Predicting Failure Before It Happens: AI for Smart Manufacturing
- Industry: Manufacturing (Indian industrial equipment manufacturer)
- Size: 3 plants, 500+ employees
- Challenge: Unplanned equipment downtime costing $3.5M annually
The Situation
A mid-size manufacturer operating 3 production plants was losing an average of 120 hours per month to unplanned equipment downtime. Each hour of downtime cost approximately $2,400 in lost production, emergency repairs, and overtime labor. Their maintenance approach was purely reactive — fix it when it breaks — and scheduled preventive maintenance was either too early (wasting parts and labor) or too late (missing failures).

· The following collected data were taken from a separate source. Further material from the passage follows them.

(* Let $A\in\mathbb R^{m\times n}$, $b\in\mathbb R^m$, $p\in[0,1]^n$ and $k\in\mathbb N$, and let $\bar X_1,\dots,\bar X_k\in\{0,1\}^n$ be independent random vectors, each having independent entries with $\Pr((\bar X_l)_i=1)=p_i$. Let $\gamma(p):=\min_{j\in[m]}\{\langle A_j,p\rangle-b_j\}$, where $A_j$ is the $j$-th row of $A$, let $\gamma_+(p):=\max\{\gamma(p),0\}$, and let $\eta:=\max_{j\in[m]}\|A_j\|_2$. Then \[\phi(p,k):=\Pr\big(\exists\,l\in[k]:\ A\bar X_l\ge b\big)\ge1-\exp\!\left(-2k\left[\frac{\gamma_+^2(p)}{\eta^2}-\frac{\log m}{2}\right]_+\right),\] where $[t]_+:=\max\{t,0\}$.
   Context: $[k]=\{1,\dots,k\}$; inequalities between vectors are componentwise. *)

theory Defs
  imports "HOL-Probability.Probability"
begin

text \<open>Matrices A are functions nat => nat => real (row j, column i), used only for
  j < m, i < n; vectors likewise. Indices are 0-based: [m] is rendered as {..<m}.\<close>

definition pos_part :: "real \<Rightarrow> real" where
  "pos_part t = max t 0"

definition gamma :: "nat \<Rightarrow> nat \<Rightarrow> (nat \<Rightarrow> nat \<Rightarrow> real) \<Rightarrow> (nat \<Rightarrow> real) \<Rightarrow> (nat \<Rightarrow> real) \<Rightarrow> real" where
  "gamma m n A b p = Min ((\<lambda>j. (\<Sum>i<n. A j i * p i) - b j) ` {..<m})"

definition eta :: "nat \<Rightarrow> nat \<Rightarrow> (nat \<Rightarrow> nat \<Rightarrow> real) \<Rightarrow> real" where
  "eta m n A = Max ((\<lambda>j. sqrt (\<Sum>i<n. (A j i)\<^sup>2)) ` {..<m})"

text \<open>Distribution of one random vector in {0,1}^n with independent Bernoulli(p_i) entries
  (True = 1), and of k independent copies X_0,...,X_(k-1).\<close>
definition bern_vec :: "nat \<Rightarrow> (nat \<Rightarrow> real) \<Rightarrow> (nat \<Rightarrow> bool) pmf" where
  "bern_vec n p = Pi_pmf {..<n} False (\<lambda>i. bernoulli_pmf (p i))"

definition bern_samples :: "nat \<Rightarrow> nat \<Rightarrow> (nat \<Rightarrow> real) \<Rightarrow> (nat \<Rightarrow> nat \<Rightarrow> bool) pmf" where
  "bern_samples k n p = Pi_pmf {..<k} (\<lambda>_. False) (\<lambda>l. bern_vec n p)"

definition phi :: "nat \<Rightarrow> nat \<Rightarrow> (nat \<Rightarrow> nat \<Rightarrow> real) \<Rightarrow> (nat \<Rightarrow> real) \<Rightarrow> (nat \<Rightarrow> real) \<Rightarrow> nat \<Rightarrow> real" where
  "phi m n A b p k = measure_pmf.prob (bern_samples k n p)
     {X. \<exists>l<k. \<forall>j<m. (\<Sum>i<n. A j i * (if X l i then 1 else 0)) \<ge> b j}"

end

theory Submission imports Defs begin

text \<open>A single sample violates row \<open>j\<close> only if \<open>\<langle>A\<^sub>j, X\<rangle>\<close> falls at least \<open>\<gamma>(p)\<close> below
  its mean \<open>\<langle>A\<^sub>j, p\<rangle>\<close>, which by Hoeffding's inequality has probability at most
  \<open>exp (-2 \<gamma>\<^sup>2 / \<parallel>A\<^sub>j\<parallel>\<^sup>2) \<le> exp (-2 \<gamma>\<^sup>2 / \<eta>\<^sup>2)\<close>. A union bound over the \<open>m\<close> rows shows
  that one sample is infeasible with probability \<open>q \<le> min 1 (m exp (-2 \<gamma>\<^sup>2 / \<eta>\<^sup>2))\<close>,
  and all \<open>k\<close> independent samples are infeasible with probability \<open>q\<^sup>k\<close>.\<close>

lemma expectation_bern_vec_weighted_component:
  assumes "i < n" and "0 \<le> p i" "p i \<le> 1"
  shows "measure_pmf.expectation (bern_vec n p) (\<lambda>x. a * (if x i then 1 else 0)) = a * p i"
proof -
  have "measure_pmf.expectation (bern_vec n p) (\<lambda>x. a * (if x i then 1 else 0)) =
      measure_pmf.expectation (map_pmf (\<lambda>x. x i) (bern_vec n p)) (\<lambda>b. a * (if b then 1 else 0))"
    by simp
  also have "map_pmf (\<lambda>x. x i) (bern_vec n p) = bernoulli_pmf (p i)"
    using assms(1) by (simp add: bern_vec_def Pi_pmf_component)
  finally show ?thesis
    using assms(2,3) by simp
qed

lemma bern_vec_weighted_sum_lower_tail:
  fixes a :: "nat \<Rightarrow> real"
  assumes p: "\<forall>i<n. 0 \<le> p i \<and> p i \<le> 1"
    and g: "0 \<le> g" "g \<le> (\<Sum>i<n. a i * p i) - t"
    and s: "(\<Sum>i<n. (a i)\<^sup>2) \<le> s"
  shows "measure_pmf.prob (bern_vec n p) {x. (\<Sum>i<n. a i * (if x i then 1 else 0)) < t}
    \<le> exp (- 2 * g\<^sup>2 / s)"
proof (cases "(\<Sum>i<n. (a i)\<^sup>2) = 0")
  case True
  then have "\<forall>i<n. a i = 0"
    by (simp add: sum_nonneg_eq_0_iff)
  then have "{x. (\<Sum>i<n. a i * (if x i then 1 else 0)) < t} = {}"
    using g by auto
  then show ?thesis
    by simp
next
  case False
  then have pos: "(\<Sum>i<n. (a i)\<^sup>2) > 0"
    by (simp add: less_le sum_nonneg)
  let ?M = "bern_vec n p"
  let ?X = "\<lambda>i x. a i * (if x i then 1 else 0 :: real)"
  interpret Hoeffding_ineq ?M "{..<n}" ?X "\<lambda>i. min 0 (a i)" "\<lambda>i. max 0 (a i)"
    "\<Sum>i<n. measure_pmf.expectation ?M (?X i)"
  proof unfold_locales
    show "prob_space.indep_vars ?M (\<lambda>_. borel) ?X {..<n}"
      unfolding bern_vec_def
      by (intro prob_space.indep_vars_compose2[OF _ indep_vars_Pi_pmf])
         (auto simp: measure_pmf.prob_space_axioms)
  qed (auto simp: min_def max_def)
  have mean: "(\<Sum>i<n. measure_pmf.expectation ?M (?X i)) = (\<Sum>i<n. a i * p i)"
    using p by (intro sum.cong refl expectation_bern_vec_weighted_component) auto
  have range: "(\<Sum>i<n. (max 0 (a i) - min 0 (a i))\<^sup>2) = (\<Sum>i<n. (a i)\<^sup>2)"
    by (intro sum.cong) (auto simp: min_def max_def)
  define e where "e = (\<Sum>i<n. a i * p i) - t"
  have "measure_pmf.prob ?M {x. (\<Sum>i<n. ?X i x) < t}
      \<le> measure_pmf.prob ?M {x \<in> space ?M. (\<Sum>i<n. ?X i x) \<le> (\<Sum>i<n. measure_pmf.expectation ?M (?X i)) - e}"
    unfolding mean e_def by (intro measure_pmf.finite_measure_mono) auto
  also have "\<dots> \<le> exp (- 2 * e\<^sup>2 / (\<Sum>i<n. (a i)\<^sup>2))"
    using Hoeffding_ineq_le[of e] g pos unfolding range e_def by simp
  also have "\<dots> \<le> exp (- 2 * g\<^sup>2 / s)"
  proof -
    have "g\<^sup>2 / s \<le> e\<^sup>2 / (\<Sum>i<n. (a i)\<^sup>2)"
      using g s pos unfolding e_def by (intro frac_le power_mono) auto
    then show ?thesis
      by simp
  qed
  finally show ?thesis
    by simp
qed

lemma bern_vec_some_row_violated_le:
  fixes m :: nat and A :: "nat \<Rightarrow> nat \<Rightarrow> real"
  assumes p: "\<forall>i<n. 0 \<le> p i \<and> p i \<le> 1"
    and g: "0 \<le> g" "\<forall>j<m. g \<le> (\<Sum>i<n. A j i * p i) - b j"
    and s: "\<forall>j<m. (\<Sum>i<n. (A j i)\<^sup>2) \<le> s"
  shows "measure_pmf.prob (bern_vec n p)
      {x. \<exists>j<m. (\<Sum>i<n. A j i * (if x i then 1 else 0)) < b j} \<le> m * exp (- 2 * g\<^sup>2 / s)"
proof -
  have "{x. \<exists>j<m. (\<Sum>i<n. A j i * (if x i then 1 else 0)) < b j} =
      (\<Union>j<m. {x. (\<Sum>i<n. A j i * (if x i then 1 else 0)) < b j})"
    by auto
  then have "measure_pmf.prob (bern_vec n p)
      {x. \<exists>j<m. (\<Sum>i<n. A j i * (if x i then 1 else 0)) < b j} \<le>
      (\<Sum>j<m. measure_pmf.prob (bern_vec n p) {x. (\<Sum>i<n. A j i * (if x i then 1 else 0)) < b j})"
    by (simp add: measure_pmf.finite_measure_subadditive_finite)
  also have "\<dots> \<le> (\<Sum>j<m. exp (- 2 * g\<^sup>2 / s))"
    using p g s by (intro sum_mono bern_vec_weighted_sum_lower_tail) auto
  finally show ?thesis
    by simp
qed

lemma gamma_le_row_slack:
  assumes "j < m"
  shows "gamma m n A b p \<le> (\<Sum>i<n. A j i * p i) - b j"
  unfolding gamma_def using assms by (intro Min_le) auto

lemma row_norm_sq_le_eta_sq:
  assumes "j < m"
  shows "(\<Sum>i<n. (A j i)\<^sup>2) \<le> (eta m n A)\<^sup>2"
proof -
  have "sqrt (\<Sum>i<n. (A j i)\<^sup>2) \<le> eta m n A"
    unfolding eta_def using assms by (intro Max_ge) auto
  then show ?thesis
    by (metis real_sqrt_le_iff real_sqrt_pow2 sum_nonneg zero_le_power2 power_mono real_sqrt_ge_zero)
qed

lemma measure_Pi_pmf_exists_component:
  assumes "finite I"
  shows "measure_pmf.prob (Pi_pmf I d (\<lambda>_. M)) {X. \<exists>l\<in>I. X l \<in> S} =
    1 - measure_pmf.prob M (- S) ^ card I"
proof -
  have "{X. \<exists>l\<in>I. X l \<in> S} = UNIV - Pi I (\<lambda>_. - S)"
    by (auto simp: Pi_def)
  moreover have "measure_pmf.prob (Pi_pmf I d (\<lambda>_. M)) (Pi I (\<lambda>_. - S)) =
      measure_pmf.prob M (- S) ^ card I"
    using assms by (simp add: measure_Pi_pmf_Pi)
  ultimately show ?thesis
    using measure_pmf.prob_compl[of "Pi I (\<lambda>_. - S)" "Pi_pmf I d (\<lambda>_. M)"] by simp
qed

lemma bern_vec_some_row_violated_le_gamma_eta:
  fixes m n :: nat and A :: "nat \<Rightarrow> nat \<Rightarrow> real" and b p :: "nat \<Rightarrow> real"
  assumes m: "m \<ge> 1" and p: "\<forall>i<n. 0 \<le> p i \<and> p i \<le> 1"
  shows "measure_pmf.prob (bern_vec n p)
      {x. \<exists>j<m. (\<Sum>i<n. A j i * (if x i then 1 else 0)) < b j}
    \<le> exp (- 2 * pos_part ((pos_part (gamma m n A b p))\<^sup>2 / (eta m n A)\<^sup>2 - ln (real m) / 2))"
    (is "?q \<le> exp (- 2 * pos_part ?x)")
proof (cases "gamma m n A b p \<le> 0")
  case True
  then have "pos_part ?x = 0"
    using m by (simp add: pos_part_def)
  then show ?thesis
    by simp
next
  case False
  let ?G = "gamma m n A b p" and ?E = "eta m n A"
  have "?q \<le> m * exp (- 2 * ?G\<^sup>2 / ?E\<^sup>2)"
    using p False gamma_le_row_slack row_norm_sq_le_eta_sq
    by (intro bern_vec_some_row_violated_le) auto
  also have "\<dots> = exp (ln m - 2 * ?G\<^sup>2 / ?E\<^sup>2)"
    using m by (simp add: exp_diff exp_minus field_simps)
  also have "\<dots> = exp (- 2 * ?x)"
    using False by (simp add: pos_part_def algebra_simps)
  finally have "?q \<le> exp (- 2 * ?x)" .
  moreover have "?q \<le> 1"
    by simp
  ultimately show ?thesis
    by (simp add: pos_part_def max_def)
qed

theorem mainTheorem7:
  fixes m n k :: nat and A :: "nat \<Rightarrow> nat \<Rightarrow> real" and b p :: "nat \<Rightarrow> real"
  assumes "m \<ge> 1"
    and "\<forall>i<n. 0 \<le> p i \<and> p i \<le> 1"
  shows "phi m n A b p k \<ge>
    1 - exp (- 2 * real k * pos_part ((pos_part (gamma m n A b p))\<^sup>2 / (eta m n A)\<^sup>2 - ln (real m) / 2))"
proof -
  define c where "c = pos_part ((pos_part (gamma m n A b p))\<^sup>2 / (eta m n A)\<^sup>2 - ln (real m) / 2)"
  define F where "F = {x. \<forall>j<m. (\<Sum>i<n. A j i * (if x i then 1 else 0)) \<ge> b j}"
  define q where "q = measure_pmf.prob (bern_vec n p) (- F)"
  have "- F = {x. \<exists>j<m. (\<Sum>i<n. A j i * (if x i then 1 else 0)) < b j}"
    unfolding F_def by (auto simp: not_le)
  then have q: "0 \<le> q" "q \<le> exp (- 2 * c)"
    unfolding q_def c_def using bern_vec_some_row_violated_le_gamma_eta[OF assms] by simp_all
  have "phi m n A b p k = measure_pmf.prob (bern_samples k n p) {X. \<exists>l\<in>{..<k}. X l \<in> F}"
    unfolding phi_def F_def by (intro arg_cong[where f = "measure_pmf.prob _"]) auto
  also have "\<dots> = 1 - q ^ k"
    unfolding bern_samples_def q_def by (simp add: measure_Pi_pmf_exists_component)
  finally have "phi m n A b p k = 1 - q ^ k" .
  moreover have "q ^ k \<le> exp (- 2 * c) ^ k"
    using q by (intro power_mono)
  moreover have "exp (- 2 * c) ^ k = exp (- 2 * real k * c)"
    by (simp flip: exp_of_nat_mult add: algebra_simps)
  ultimately show ?thesis
    unfolding c_def by simp
qed

end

Artificial Intelligence involves creating computer systems capable of performing tasks that usually require human intelligence. This includes developing algorithms and models that allow machines to learn, reason, and perceive effectively.Adam Peterson
The Challenge
The manufacturer had thousands of IoT sensors generating data from their production equipment, but no way to turn that data into actionable maintenance predictions. They needed a system that could learn the normal operating patterns of each piece of equipment and predict failures days or weeks in advance.
The QUYNT Solution
QUYNT built a predictive maintenance platform that ingests real-time sensor data (vibration, temperature, pressure, power consumption) from 150+ machines across 3 plants. The system uses anomaly detection and time-series forecasting models to predict equipment failures 5–14 days in advance, allowing the maintenance team to schedule repairs during planned downtime windows.
The Results
- 60% reduction in unplanned downtime (from 120 hours/month to 48)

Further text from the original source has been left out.